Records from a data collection
text \<open>The potential argument: the stalled edges stay below \<open>3 |S\<^sub>i|\<close>, so the expansion
  of \<open>S\<^sub>i\<close> is paid for by new reached vertices.\<close>
lemma reached_growth:
  assumes "alive \<omega> i" "i \<le> t"
  shows "real (card (stalled \<omega> i)) \<le> 3 * real (card (reached \<omega> i))
    \<and> (\<alpha> / 4) ^ i * card UL \<le> card (reached \<omega> i)"
  using assms
proof (induction i)
  case 0
  then show ?case by (simp add: stalled_def)
next
  case (Suc i)
  have IH: "real (card (stalled \<omega> i)) \<le> 3 * real (card (reached \<omega> i))"
      "(\<alpha> / 4) ^ i * card UL \<le> card (reached \<omega> i)"
    using Suc alive_mono[OF Suc.prems(1), of i] by auto
  have "real (card (reached \<omega> i)) \<le> \<beta>"
    using alive_mono[OF Suc.prems(1), of i] by (simp add: alive_def)
  then have expand: "\<alpha> * card (reached \<omega> i) \<le> card (frontier \<omega> i)"
    by (rule expansion_frontier)
  have "card UL \<le> card (reached \<omega> i)"
    using UL_subset_reached finite_reached by (rule card_mono[rotated])
  then have frontier: "real (card (frontier \<omega> i)) \<le> 2 * card (fresh_inner \<omega> i) + card (fresh_boundary \<omega> i)
      + card (reached \<omega> i) + card (stalled \<omega> i) + card (revived \<omega> i)"
    using card_frontier_le[OF frontier_covered_upto_t, of i \<omega>] Suc.prems(2) by linarith
  have reached: "real (card (reached \<omega> i)) + card (fresh_inner \<omega> i) + card (captured \<omega> i)
      + card (revived \<omega> i) \<le> card (reached \<omega> (Suc i))"
    using card_reached_Suc_ge[of \<omega> i] by linarith
  have stalled: "real (card (stalled \<omega> (Suc i))) + card (revived \<omega> i) + card (captured \<omega> i)
      \<le> card (stalled \<omega> i) + card (fresh_boundary \<omega> i)"
    using card_stalled_Suc_le[of \<omega> i] by linarith
  have good: "real (card (fresh_boundary \<omega> i))
      \<le> 4 * card (captured \<omega> i) + 2 * card (revived \<omega> i) + 2 * card (fresh_inner \<omega> i)"
    using alive_Suc_step[OF Suc.prems(1)] unfolding slack_def by linarith
  have step: "\<alpha> * card (reached \<omega> i) \<le> 4 * card (reached \<omega> (Suc i))"
    using IH expand frontier reached good by linarith
  have "(\<alpha> / 4) ^ Suc i * card UL = (\<alpha> / 4) * ((\<alpha> / 4) ^ i * card UL)"
    by simp
  also have "\<dots> \<le> (\<alpha> / 4) * card (reached \<omega> i)"
    using IH(2) alpha by (intro mult_left_mono) auto
  also have "\<dots> \<le> card (reached \<omega> (Suc i))"
    using step by linarith
  finally show ?case using IH(1) stalled reached good by linarith
qed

What you will do:
Give the entries again in full, with nothing changed.

Output:
text \<open>The potential argument: the stalled edges stay below \<open>3 |S\<^sub>i|\<close>, so the expansion
  of \<open>S\<^sub>i\<close> is paid for by new reached vertices.\<close>
lemma reached_growth:
  assumes "alive \<omega> i" "i \<le> t"
  shows "real (card (stalled \<omega> i)) \<le> 3 * real (card (reached \<omega> i))
    \<and> (\<alpha> / 4) ^ i * card UL \<le> card (reached \<omega> i)"
  using assms
proof (induction i)
  case 0
  then show ?case by (simp add: stalled_def)
next
  case (Suc i)
  have IH: "real (card (stalled \<omega> i)) \<le> 3 * real (card (reached \<omega> i))"
      "(\<alpha> / 4) ^ i * card UL \<le> card (reached \<omega> i)"
    using Suc alive_mono[OF Suc.prems(1), of i] by auto
  have "real (card (reached \<omega> i)) \<le> \<beta>"
    using alive_mono[OF Suc.prems(1), of i] by (simp add: alive_def)
  then have expand: "\<alpha> * card (reached \<omega> i) \<le> card (frontier \<omega> i)"
    by (rule expansion_frontier)
  have "card UL \<le> card (reached \<omega> i)"
    using UL_subset_reached finite_reached by (rule card_mono[rotated])
  then have frontier: "real (card (frontier \<omega> i)) \<le> 2 * card (fresh_inner \<omega> i) + card (fresh_boundary \<omega> i)
      + card (reached \<omega> i) + card (stalled \<omega> i) + card (revived \<omega> i)"
    using card_frontier_le[OF frontier_covered_upto_t, of i \<omega>] Suc.prems(2) by linarith
  have reached: "real (card (reached \<omega> i)) + card (fresh_inner \<omega> i) + card (captured \<omega> i)
      + card (revived \<omega> i) \<le> card (reached \<omega> (Suc i))"
    using card_reached_Suc_ge[of \<omega> i] by linarith
  have stalled: "real (card (stalled \<omega> (Suc i))) + card (revived \<omega> i) + card (captured \<omega> i)
      \<le> card (stalled \<omega> i) + card (fresh_boundary \<omega> i)"
    using card_stalled_Suc_le[of \<omega> i] by linarith
  have good: "real (card (fresh_boundary \<omega> i))
      \<le> 4 * card (captured \<omega> i) + 2 * card (revived \<omega> i) + 2 * card (fresh_inner \<omega> i)"
    using alive_Suc_step[OF Suc.prems(1)] unfolding slack_def by linarith
  have step: "\<alpha> * card (reached \<omega> i) \<le> 4 * card (reached \<omega> (Suc i))"
    using IH expand frontier reached good by linarith
  have "(\<alpha> / 4) ^ Suc i * card UL = (\<alpha> / 4) * ((\<alpha> / 4) ^ i * card UL)"
    by simp
  also have "\<dots> \<le> (\<alpha> / 4) * card (reached \<omega> i)"
    using IH(2) alpha by (intro mult_left_mono) auto
  also have "\<dots> \<le> card (reached \<omega> (Suc i))"
    using step by linarith
  finally show ?case using IH(1) stalled reached good by linarith
qed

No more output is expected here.